STOCKHOLM/LONDON (Reuters) - A local Swedish court on Friday granted General Motors' GM.N loss-making unit Saab a further extension to its protection from creditors, giving it more time to restructure.
The Swedish carmaker, which first sought protection from creditors in February, was granted an extension until August 20 allowing it to line up a new owner and restructure its business.
“The business reorganisation of Saab Automobile Aktiebolag is authorized to continue, though at most to August 20, 2009,” the court in Vanersborg, southwest Sweden, said in a document obtained by Reuters.
The extension came as General Motors, the No.1 U.S. automaker, moved closer to filing for bankruptcy.

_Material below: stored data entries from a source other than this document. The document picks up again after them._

theorem proposition4:
  fixes M :: "'w measure"
    and n :: nat
    and f :: "nat \<Rightarrow> 'a::euclidean_space \<Rightarrow> real"
    and gradf :: "nat \<Rightarrow> 'a \<Rightarrow> 'a"
    and gradF :: "'a \<Rightarrow> 'a"
    and L A B C \<omega> :: "nat \<Rightarrow> real"
    and G :: "nat \<Rightarrow> 'a \<Rightarrow> 'w \<Rightarrow> 'a"
    and S :: "nat \<Rightarrow> 's measure"
    and \<xi> :: "nat \<Rightarrow> 'w \<Rightarrow> 's"
    and q :: "nat \<Rightarrow> 's \<Rightarrow> 'a \<Rightarrow> 'a"
  defines "F \<equiv> (\<lambda>x. (1 / real n) * (\<Sum>i<n. f i x))"
  assumes P: "prob_space M"
    and n_pos: "n \<ge> 1"
    (* each f_i is differentiable with gradient gradf i *)
    and grad_fi: "\<And>i x. i < n \<Longrightarrow> (f i has_derivative (\<lambda>h. gradf i x \<bullet> h)) (at x)"
    (* the gradient of f *)
    and grad_F: "\<And>x. (F has_derivative (\<lambda>h. gradF x \<bullet> h)) (at x)"
    (* bounded from below *)
    and bdd: "\<And>i. i < n \<Longrightarrow> bdd_below (range (f i))"
    (* L_i-smoothness *)
    and smooth: "\<And>i x y. i < n \<Longrightarrow>
        f i y \<le> f i x + gradf i x \<bullet> (y - x) + L i / 2 * (norm (y - x))\<^sup>2"
    (* stochastic gradients g_i(x) = G i x *)
    and G_meas: "\<And>i x. i < n \<Longrightarrow> G i x \<in> borel_measurable M"
    and G_unbiased: "\<And>i x. i < n \<Longrightarrow>
        integrable M (G i x) \<and> (\<integral>w. G i x w \<partial>M) = gradf i x"
    and ABC_nonneg: "\<And>i. i < n \<Longrightarrow> A i \<ge> 0 \<and> B i \<ge> 0 \<and> C i \<ge> 0"
    and G_second: "\<And>i x. i < n \<Longrightarrow>
        (\<integral>\<^sup>+w. ennreal ((norm (G i x w))\<^sup>2) \<partial>M)
          \<le> ennreal (2 * A i * (f i x - Inf (range (f i))) + B i * (norm (gradf i x))\<^sup>2 + C i)"
    (* random operators Q_i(y) = q i (\<xi> i w) y, driven by random seeds \<xi> i *)
    and \<xi>_meas: "\<And>i. i < n \<Longrightarrow> \<xi> i \<in> measurable M (S i)"
    and q_meas: "\<And>i. i < n \<Longrightarrow> (\<lambda>(s, y). q i s y) \<in> borel_measurable (S i \<Otimes>\<^sub>M borel)"
    and compr: "\<And>i. i < n \<Longrightarrow> compression_operator M (\<lambda>w. q i (\<xi> i w)) (\<omega> i)"
    (* Q_1..Q_n mutually independent *)
    and indep_Q: "prob_space.indep_vars M S \<xi> {..<n}"
    (* (Q_1..Q_n) independent of (g_1(x),...,g_n(x)) *)
    and indep_QG: "\<And>x. prob_space.indep_set M
        {(\<lambda>w. \<lambda>i\<in>{..<n}. \<xi> i w) -` E \<inter> space M | E. E \<in> sets (Pi\<^sub>M {..<n} S)}
        {(\<lambda>w. \<lambda>i\<in>{..<n}. G i x w) -` E \<inter> space M | E. E \<in> sets (Pi\<^sub>M {..<n} (\<lambda>_. borel))}"
  shows "\<exists>A' B' C' :: real. A' \<ge> 0 \<and> B' \<ge> 0 \<and> C' \<ge> 0 \<and>
     (\<forall>x. (\<integral>\<^sup>+w. ennreal ((norm ((1 / real n) *\<^sub>R (\<Sum>i<n. q i (\<xi> i w) (G i x w))))\<^sup>2) \<partial>M)
        \<le> ennreal (2 * A' * (F x - Inf (range F)) + B' * (norm (gradF x))\<^sup>2 + C'))"
proof -
  interpret prob_space M by (rule P)
  (* L i need not be positive, but the gradient bound needs a positive smoothness constant. *)
  define a where "a i = (1 + \<omega> i) * (2 * A i + 2 * B i * max (L i) 1)" for i
  have \<omega>: "0 \<le> \<omega> i" if "i < n" for i
    using compr[OF that] by (simp add: compression_operator_def)
  have node: "(\<integral>\<^sup>+w. ennreal ((norm (q i (\<xi> i w) (G i x w)))\<^sup>2) \<partial>M)
      \<le> ennreal (a i * (f i x - Inf (range (f i))) + (1 + \<omega> i) * C i)" if i: "i < n" for i x
  proof -
    have "indep_set {\<xi> i -` A \<inter> space M | A. A \<in> sets (S i)} {G i x -` B \<inter> space M | B. B \<in> sets borel}"
      using i \<xi>_meas G_meas by (intro indep_set_vimages_component[OF _ _ _ indep_QG[of x]]) auto
    from nn_integral_compressed_gradient_sq_le[where K="max (L i) 1",
        OF \<xi>_meas[OF i] G_meas[OF i] this q_meas[OF i] compr[OF i] bdd[OF i] _ _ smooth[OF i] _ G_second[OF i]]
    show ?thesis
      using ABC_nonneg[OF i] by (simp add: a_def algebra_simps)
  qed
  obtain K D where K: "0 \<le> K" and D: "0 \<le> D" and gaps: "\<And>x.
      (1 / real n) * (\<Sum>i<n. a i * (f i x - Inf (range (f i))) + (1 + \<omega> i) * C i)
        \<le> K * (F x - Inf (range F)) + D"
    using mean_weighted_gaps_le_gap_of_mean[of "{..<n}" f a "\<lambda>i. (1 + \<omega> i) * C i"] bdd \<omega> ABC_nonneg
    unfolding F_def a_def by auto
  have "(\<integral>\<^sup>+w. ennreal ((norm ((1 / real n) *\<^sub>R (\<Sum>i<n. q i (\<xi> i w) (G i x w))))\<^sup>2) \<partial>M)
      \<le> ennreal ((1 / real n) * (\<Sum>i<n. a i * (f i x - Inf (range (f i))) + (1 + \<omega> i) * C i))" for x
    using nn_integral_norm_mean_sq_le[where I="{..<n}" and X="\<lambda>i w. q i (\<xi> i w) (G i x w)"
        and b="\<lambda>i. a i * (f i x - Inf (range (f i))) + (1 + \<omega> i) * C i"]
      measurable_compose[OF measurable_Pair[OF \<xi>_meas G_meas] q_meas] node \<omega> ABC_nonneg bdd
    by (simp add: a_def cInf_lower)
  then show ?thesis
    using K D order_trans[OF _ ennreal_leI[OF gaps]]
    by (intro exI[of _ "K / 2"] exI[of _ "0::real"] exI[of _ D]) simp
qed

end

Saab, which was put up for sale by its ailing parent earlier this year, said on Thursday that Saab and GM would present a preferred candidate out of three undisclosed remaining bidders within the coming weeks.

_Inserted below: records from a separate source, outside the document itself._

lemma end_amplitude_nonneg: "j \<in> acc M \<Longrightarrow> 0 \<le> Re (apply_U M None (state_after M x) j)"
  using pos by (simp add: positive_amplitude_def)

lemma cinner_acc_uniform_end_amplitude:
  "cinner (nst M + 3) (acc_uniform M) (apply_U M None (state_after M x))
   = of_real (acc_amplitude M x)"
proof (cases "acc M = {}")
  case True
  then show ?thesis
    by (simp add: acc_uniform_def cinner_basis_vec_left acc_amplitude_def apply_U_eq_0)
next
  case False
  let ?a = "apply_U M None (state_after M x)"
  have sub: "acc M \<subseteq> {..<nst M + 3}"
    using wf by (auto simp: wf_mmqfa_def)
  have "cinner (nst M + 3) (acc_uniform M) ?a
      = (\<Sum>j<nst M + 3. if j \<in> acc M then of_real (1 / sqrt (card (acc M))) * ?a j else 0)"
    unfolding cinner_def using False by (intro sum.cong) (auto simp: acc_uniform_def)
  also have "\<dots> = (\<Sum>j\<in>acc M. of_real (1 / sqrt (card (acc M))) * ?a j)"
    using sub by (simp add: sum.If_cases Int_absorb1)
  also have "\<dots> = (\<Sum>j\<in>acc M. of_real (Re (?a j) / sqrt (card (acc M))))"
    by (intro sum.cong refl) (subst end_amplitude_real, simp_all)
  also have "\<dots> = of_real (acc_amplitude M x)"
    by (simp add: acc_amplitude_def sum_divide_distrib)
  finally show ?thesis .
qed

lemma acc_prob_compl_mmqfa_eq: "acc_prob (compl_mmqfa M) x = compl_acc_prob (acc_amplitude M x)"
proof -
  have "2/3 * (16/25 - 14/75 * complex_of_real (acc_amplitude M x))
      = complex_of_real (2/3 * (16/25 - 14/75 * acc_amplitude M x))"
    by simp
  then show ?thesis
    unfolding acc_prob_compl_mmqfa[OF wf] cinner_acc_uniform_end_amplitude compl_acc_prob_def
    by (simp only: norm_of_real power2_abs)
qed

context
  assumes ed: "end_decisive M"
begin

lemma acc_prob_eq_sum_Re_sq:
  "acc_prob M x = (\<Sum>j\<in>acc M. (Re (apply_U M None (state_after M x) j))\<^sup>2)"
  unfolding acc_prob_end_decisive[OF ed]
  by (intro sum.cong refl) (subst end_amplitude_real, simp_all)

lemma acc_amplitude_sq_le: "(acc_amplitude M x)\<^sup>2 \<le> acc_prob M x"
proof -
  let ?S = "\<Sum>j\<in>acc M. Re (apply_U M None (state_after M x) j)"
  have "(acc_amplitude M x)\<^sup>2 = ?S\<^sup>2 / card (acc M)"
    by (simp add: acc_amplitude_def power_divide)
  also have "\<dots> \<le> acc_prob M x"
    using square_sum_le_card_mult_sum_squares[of _ "acc M"]
    by (cases "card (acc M) = 0")
      (simp_all add: acc_prob_eq_sum_Re_sq sum_nonneg divide_le_eq mult.commute)
  finally show ?thesis .
qed

lemma acc_amplitude_le_1: "acc_amplitude M x \<le> 1"
proof (rule power2_le_imp_le)
  show "(acc_amplitude M x)\<^sup>2 \<le> 1\<^sup>2"
    using acc_amplitude_sq_le[of x] acc_prob_le_1[OF wf ed, of x] by simp
qed simp

lemma acc_amplitude_eq_0: "acc_prob M x = 0 \<Longrightarrow> acc_amplitude M x = 0"
  using acc_amplitude_sq_le[of x] by simp

lemma acc_amplitude_gt:
  assumes "0 \<le> c" and "c < acc_prob M x"
  shows "sqrt (c / nst M) < acc_amplitude M x"
proof -
  let ?S = "\<Sum>j\<in>acc M. Re (apply_U M None (state_after M x) j)"
  have "acc_prob M x \<le> ?S\<^sup>2"
    unfolding acc_prob_eq_sum_Re_sq by (rule sum_squares_le_square_sum) (rule end_amplitude_nonneg)
  moreover have "0 \<le> ?S" by (simp add: sum_nonneg end_amplitude_nonneg)
  ultimately have S: "sqrt c < ?S"
    using assms real_sqrt_less_mono[of c "?S\<^sup>2"] by simp
  then have "acc M \<noteq> {}" using assms(1) by auto
  moreover have "acc M \<subseteq> {..<nst M}" using wf by (simp add: wf_mmqfa_def)
  ultimately have k: "0 < card (acc M)" "card (acc M) \<le> nst M"
    by (auto simp: card_gt_0_iff finite_subset dest: card_mono[rotated])
  have "sqrt (c / nst M) \<le> sqrt (c / card (acc M))"
    using k assms(1) by (intro real_sqrt_le_mono divide_left_mono) auto
  also have "\<dots> = sqrt c / sqrt (card (acc M))"
    by (simp add: real_sqrt_divide)
  also have "\<dots> < acc_amplitude M x"
    using S k by (simp add: acc_amplitude_def divide_strict_right_mono)
  finally show ?thesis .
qed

Swedish business daily Dagens Industri late on Thursday reported that the two frontrunners were Swedish luxury carmaker Koenigsegg and U.S. financier Ira Rennert and his Renco Group, with Italy's Fiat FIA.MI as the third suitor, citing undisclosed sources.
A person familiar with the matter said GM had grown worried about Saab technology leaving Sweden, and had recently effectively barred Chinese companies from bidding, shutting out one prospective suitor.

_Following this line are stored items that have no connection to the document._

(* Let $T$ be the Lr $(\mathbf a,\tau)$ interval exchange transformation, and assume that $\tau$ is irreducible and fully split and that $T$ satisfies the Keane Condition. Then the associated subshift $(X,S)$ has no doubly asymptotic pair of distinct points: if $\alpha,\beta\in X$ and there is $N\in\mathbb N$ with $\alpha_i=\beta_i$ for all $|i|\ge N$, then $\alpha=\beta$.
   Context: Fix $n\ge 2$, $[n]=\{1,\dots,n\}$, a vector $\mathbf a=(a_1,\dots,a_n)$ with all $a_i>0$ and $\sum_i a_i=1$, and a permutation $\tau$ of $[n]$. Put $b_0=0$, $b_i=\sum_{j=1}^i a_j$, $J_i=[b_{i-1},b_i)$, $\tilde J_i=(b_{i-1},b_i]$ for $i\in[n]$, and $D=\{b_1,\dots,b_{n-1}\}$. Put $b^\tau_0=0$, $b^\tau_i=\sum_{j=1}^i a_{\tau^{-1}(j)}$, $D^\tau=\{b^\tau_1,\dots,b^\tau_{n-1}\}$. The Lr $(\mathbf a,\tau)$ interval exchange transformation $T:[0,1)\to[0,1)$ and its dual $\tilde T:(0,1]\to(0,1]$ are defined by $x\mapsto x-b_{i-1}+b^\tau_{\tau(i)-1}$ for $x\in J_i$ (resp. $x\in\tilde J_i$); both are bijections. $\tau$ is irreducible if $\tau(\{1,\dots,j\})\ne\{1,\dots,j\}$ for $j=1,\dots,n-1$; split if $\tau(j+1)\ne\tau(j)+1$ for $j=1,\dots,n-1$; fully split if it is split and moreover $\tau(1)\ne\tau(n)+1$ and $\tau^{-1}(1)\ne\tau^{-1}(n)+1$. $T$ satisfies the Keane Condition if $D\cap T^k(D)=\emptyset$ for all $k\in\mathbb N$. Let $\Omega=[n]^{\mathbb Z}$ with the product topology and shift $S(\alpha)_i=\alpha_{i+1}$. The itinerary maps $\mathcal I:[0,1)\to\Omega$, $\tilde{\mathcal I}:(0,1]\to\Omega$ are $\mathcal I(x)_k=i\iff T^kx\in J_i$ and $\tilde{\mathcal I}(x)_k=i\iff\tilde T^kx\in\tilde J_i$ ($k\in\mathbb Z$). Let $D_\infty=\{0,1\}\cup\bigcup_{k\in\mathbb Z}T^k(D)$, $R=[0,1]\setminus D_\infty$ (the regular points), $X_0=\mathcal I(R)$, and $X=\overline{X_0}$; $(X,S)$ is the associated subshift. *)

theory Defs
  imports "HOL-Analysis.Analysis" "HOL-Combinatorics.Permutations"
begin

text \<open>Indices run over [n] = {1..n}; a, tau are functions on nat, relevant on {1..n}.\<close>

definition iet_b :: "(nat \<Rightarrow> real) \<Rightarrow> nat \<Rightarrow> real" where
  "iet_b a i = (\<Sum>j=1..i. a j)"

definition iet_btau :: "(nat \<Rightarrow> real) \<Rightarrow> (nat \<Rightarrow> nat) \<Rightarrow> nat \<Rightarrow> real" where
  "iet_btau a tau i = (\<Sum>j=1..i. a (inv tau j))"

definition iet_J :: "(nat \<Rightarrow> real) \<Rightarrow> nat \<Rightarrow> real set" where
  "iet_J a i = {iet_b a (i - 1) ..< iet_b a i}"

definition iet_D :: "nat \<Rightarrow> (nat \<Rightarrow> real) \<Rightarrow> real set" where
  "iet_D n a = iet_b a ` {1..n-1}"

text \<open>The Lr (a,tau) interval exchange T on [0,1) (value outside [0,1) irrelevant).\<close>
definition iet_T :: "nat \<Rightarrow> (nat \<Rightarrow> real) \<Rightarrow> (nat \<Rightarrow> nat) \<Rightarrow> real \<Rightarrow> real" where
  "iet_T n a tau x =
     (if \<exists>i\<in>{1..n}. x \<in> iet_J a i
      then (let i = (THE i. i \<in> {1..n} \<and> x \<in> iet_J a i)
            in x - iet_b a (i - 1) + iet_btau a tau (tau i - 1))
      else x)"

definition iet_Tpow :: "nat \<Rightarrow> (nat \<Rightarrow> real) \<Rightarrow> (nat \<Rightarrow> nat) \<Rightarrow> int \<Rightarrow> real \<Rightarrow> real" where
  "iet_Tpow n a tau k =
     (if k \<ge> 0 then (iet_T n a tau) ^^ (nat k)
      else (inv_into {0..<1} (iet_T n a tau)) ^^ (nat (- k)))"

definition irreducible_perm :: "nat \<Rightarrow> (nat \<Rightarrow> nat) \<Rightarrow> bool" where
  "irreducible_perm n tau = (\<forall>j\<in>{1..n-1}. tau ` {1..j} \<noteq> {1..j})"

definition split_perm :: "nat \<Rightarrow> (nat \<Rightarrow> nat) \<Rightarrow> bool" where
  "split_perm n tau = (\<forall>j\<in>{1..n-1}. tau (j + 1) \<noteq> tau j + 1)"

definition fully_split_perm :: "nat \<Rightarrow> (nat \<Rightarrow> nat) \<Rightarrow> bool" where
  "fully_split_perm n tau = (split_perm n tau \<and> tau 1 \<noteq> tau n + 1 \<and> inv tau 1 \<noteq> inv tau n + 1)"

definition keane_condition :: "nat \<Rightarrow> (nat \<Rightarrow> real) \<Rightarrow> (nat \<Rightarrow> nat) \<Rightarrow> bool" where
  "keane_condition n a tau =
     (\<forall>k::nat. k \<ge> 1 \<longrightarrow> iet_D n a \<inter> ((iet_T n a tau) ^^ k) ` iet_D n a = {})"

definition iet_Dinf :: "nat \<Rightarrow> (nat \<Rightarrow> real) \<Rightarrow> (nat \<Rightarrow> nat) \<Rightarrow> real set" where
  "iet_Dinf n a tau = {0, 1} \<union> (\<Union>k::int. iet_Tpow n a tau k ` iet_D n a)"

definition iet_R :: "nat \<Rightarrow> (nat \<Rightarrow> real) \<Rightarrow> (nat \<Rightarrow> nat) \<Rightarrow> real set" where
  "iet_R n a tau = {0..1} - iet_Dinf n a tau"

definition iet_itin :: "nat \<Rightarrow> (nat \<Rightarrow> real) \<Rightarrow> (nat \<Rightarrow> nat) \<Rightarrow> real \<Rightarrow> int \<Rightarrow> nat" where
  "iet_itin n a tau x k = (THE i. i \<in> {1..n} \<and> iet_Tpow n a tau k x \<in> iet_J a i)"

The person declined to identify the Chinese bidder but said it was not Geely 0175.HK -- which had also shown some initial interest in Saab.
Fiat Chief Executive Sergio Marchionne said on Friday Fiat would still be interested in Saab even if GM’s Opel falls out of play.
Saab spokeswoman Gunilla Gustavs on Friday declined to comment on the Dagens Industri report, but said she was satisfied with the court’s decision to extend the reorganisation period.
“This means we can proceed to cope with the work at hand,” she said, and repeated Saab was not worried that the possibility of a bankruptcy filing by its owner GM would disrupted its sale process. Saab could not be reached for further comment later in the day.